O campo de concentração do Tarrafal, lugar de degredo que entrou para o imaginário da resistência ao salazarismo e ao colonialismo, nasceu há 75 anos, com a publicação do decreto-lei que o criou. Os primeiros 152 tarrafalistas chegaram à ilha de Santiago a 26 de Outubro do mesmo ano, dando início a uma história que se prolongou para além do 25 de Abril de 1974. Até 1954, quando foi pela primeira vez encerrado, por pressão internacional, o “campo da morte lenta” de Cabo Verde recebeu mais de 340 detidos, principalmente presos políticos portugueses. Morreram no Tarrafal mais de três dezenas de detidos — os restos de 32 seriam, décadas depois, exumados e levados para Lisboa. Mas, num livro editado no ano passado, o jornalista cabo-verdiano José Vicente Lopes refere 34 mortos. Bento Gonçalves, líder do PCP, e o anarco-sindicalista Mário Castelhano foram duas das vítimas mortais. Durante a guerra colonial, reabriu com o nome de Campo de Trabalho de Chão Bom, e foi prisão para cerca de 230 nacionalistas africanos. Três deles, dois guineenses e um angolano, morreram. Encerrado em 1974, serviria ainda como prisão para cerca de 70 opositores do PAIGC, o partido da independência da Guiné-Bissau e Cabo Verde. A 5 de Julho de 1975,  foram postos em liberdade os últimos desse grupo.

Fonte: Público


domingo, 13 de fevereiro de 2011

A Liberdade de Expressão no Porto



No Porto, em 2006, PSD, CDS e PS, aprovaram normas municipais restritivas da Liberdade de Expressão. Desde então que o PCP, o movimento sindical unitário e outras forças reivindicativas da cidade têm denunciado a sua inconstitucionalidade. O vídeo " A Liberdade de Expressão está ameaçada no Porto!" retrata o agravamento da postura antidemocrática da Câmara Municipal do Porto.
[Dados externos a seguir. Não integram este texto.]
theorem corollary2p4:
  fixes p :: real and K' :: "Zamb set" and z :: Zamb
  assumes "K' \<subseteq> Kset p" and "compact K'"
    and "z \<in> (top_of_set Zset) interior_of (convex hull K')"
  shows "\<exists>zb \<in> wave_cone.
           closed_segment (z - zb) (z + zb) \<subseteq> (top_of_set Zset) interior_of (convex hull K') \<and>
           norm zb \<ge> infdist z K' / (2 * real (dim Zset))"
proof -
  have affine_Zset: "affine Zset"
    by (rule subspace_imp_affine[OF subspace_Zset])
  have hull_subset_Zset: "convex hull K' \<subseteq> Zset"
    using assms(1) Kset_subset_Zset subspace_imp_convex[OF subspace_Zset]
    by (intro hull_minimal) auto
  have nonempty: "(top_of_set Zset) interior_of (convex hull K') \<noteq> {}"
    using assms(3) by blast
  have hull_K': "affine hull K' = Zset"
    using affine_hull_eq_if_interior_of_nonempty[OF affine_Zset hull_subset_Zset nonempty] by simp
  have interior_eq: "(top_of_set Zset) interior_of (convex hull K') = rel_interior (convex hull K')"
    by (rule interior_of_eq_rel_interior[OF affine_Zset hull_subset_Zset nonempty])
  with assms(3) have z: "z \<in> rel_interior (convex hull K')"
    by simp
  obtain zb where "zb \<in> wave_cone"
    and "z - 2 *\<^sub>R zb \<in> convex hull K'" "z + 2 *\<^sub>R zb \<in> convex hull K'"
    and dist: "infdist z K' \<le> 2 * real (dim Zset) * norm zb"
    by (rule long_wave_cone_segment_in_convex_hull_Kset[OF assms(1) hull_K' z])
  then have "closed_segment (z - zb) (z + zb) \<subseteq> rel_interior (convex hull K')"
    by (intro closed_segment_subset_rel_interior[OF convex_convex_hull z])
  moreover have "infdist z K' / (2 * real (dim Zset)) \<le> norm zb"
    using dist dim_Zset_pos by (simp add: pos_divide_le_eq mult.commute)
  ultimately show ?thesis
    using \<open>zb \<in> wave_cone\<close> interior_eq by auto
qed

end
sábado, 3 de julho de 2010

Elián Gonzalez, 10 anos depois


Após uma longa disputa diplomática e judicial, a 22 de Abril de 2000, Elián Gonzalez, com sete anos é resgatado por policias de imigração à familia de Miami, na seuqência de uma ordem judicial para que a criança fosse devolvido ao seu pai em Cuba. A fotografia de Alan Diaz (AP) ganharia nesse ano o Prémio Pulitzer.

Elian, 10 anos depois. Fotografia EPA/Adalberto Roque.


Elián diz ser feliz dez anos após regressar a Cuba

Tem apenas 16 anos mas já é o rosto de uma das mais importantes vitórias cubanas sobre os EUA. Não é por isso de estranhar que o décimo aniversário do regresso de Elián González a Cuba tenha sido assinalado com um acto oficial na Catedral Episcopal da Santíssima Trindade, em Havana. Ao lado do menino balsero, que em 1999 sobreviveu ao naufrágio que o levou para a Florida, esteve o Presidente cubano, Raúl Castro.
"É a terra a que pertenço, aqui sinto-me bem", disse Elián aos jornalistas depois da cerimónia religiosa - que assinalou também o 10.º aniversário da primeira visita do ex-líder cubano Fidel Castro à catedral. "Graças à ajuda de grande parte do povo norte-americano e do nosso povo, hoje estou com o meu pai, e isso é tudo", acrescentou o jovem, que estuda numa academia militar e vive resguardado pelo regime. Razão pela qual não costuma falar com os media. Há dez anos, as ruas de Havana encheram-se de pessoas para acolher Elián, depois da vitória jurídica que concedeu a custódia ao seu pai. A mãe tinha morrido no naufrágio e, em Miami, o menor teve de ser arrancado à força da família. "Apesar de não nos terem apoiado, não lhes guardo rancor", admitiu Elián. Já o seu pai disse que os cubanos se portaram "melhor" que a sua família.

quinta-feira, 11 de fevereiro de 2010

Mandela


No dia 11 de Fevereiro de 1990, Nelson Mandela era libertado após 27 anos de prisão. Era o ínicio do fim do regime de apartheid na África do Sul.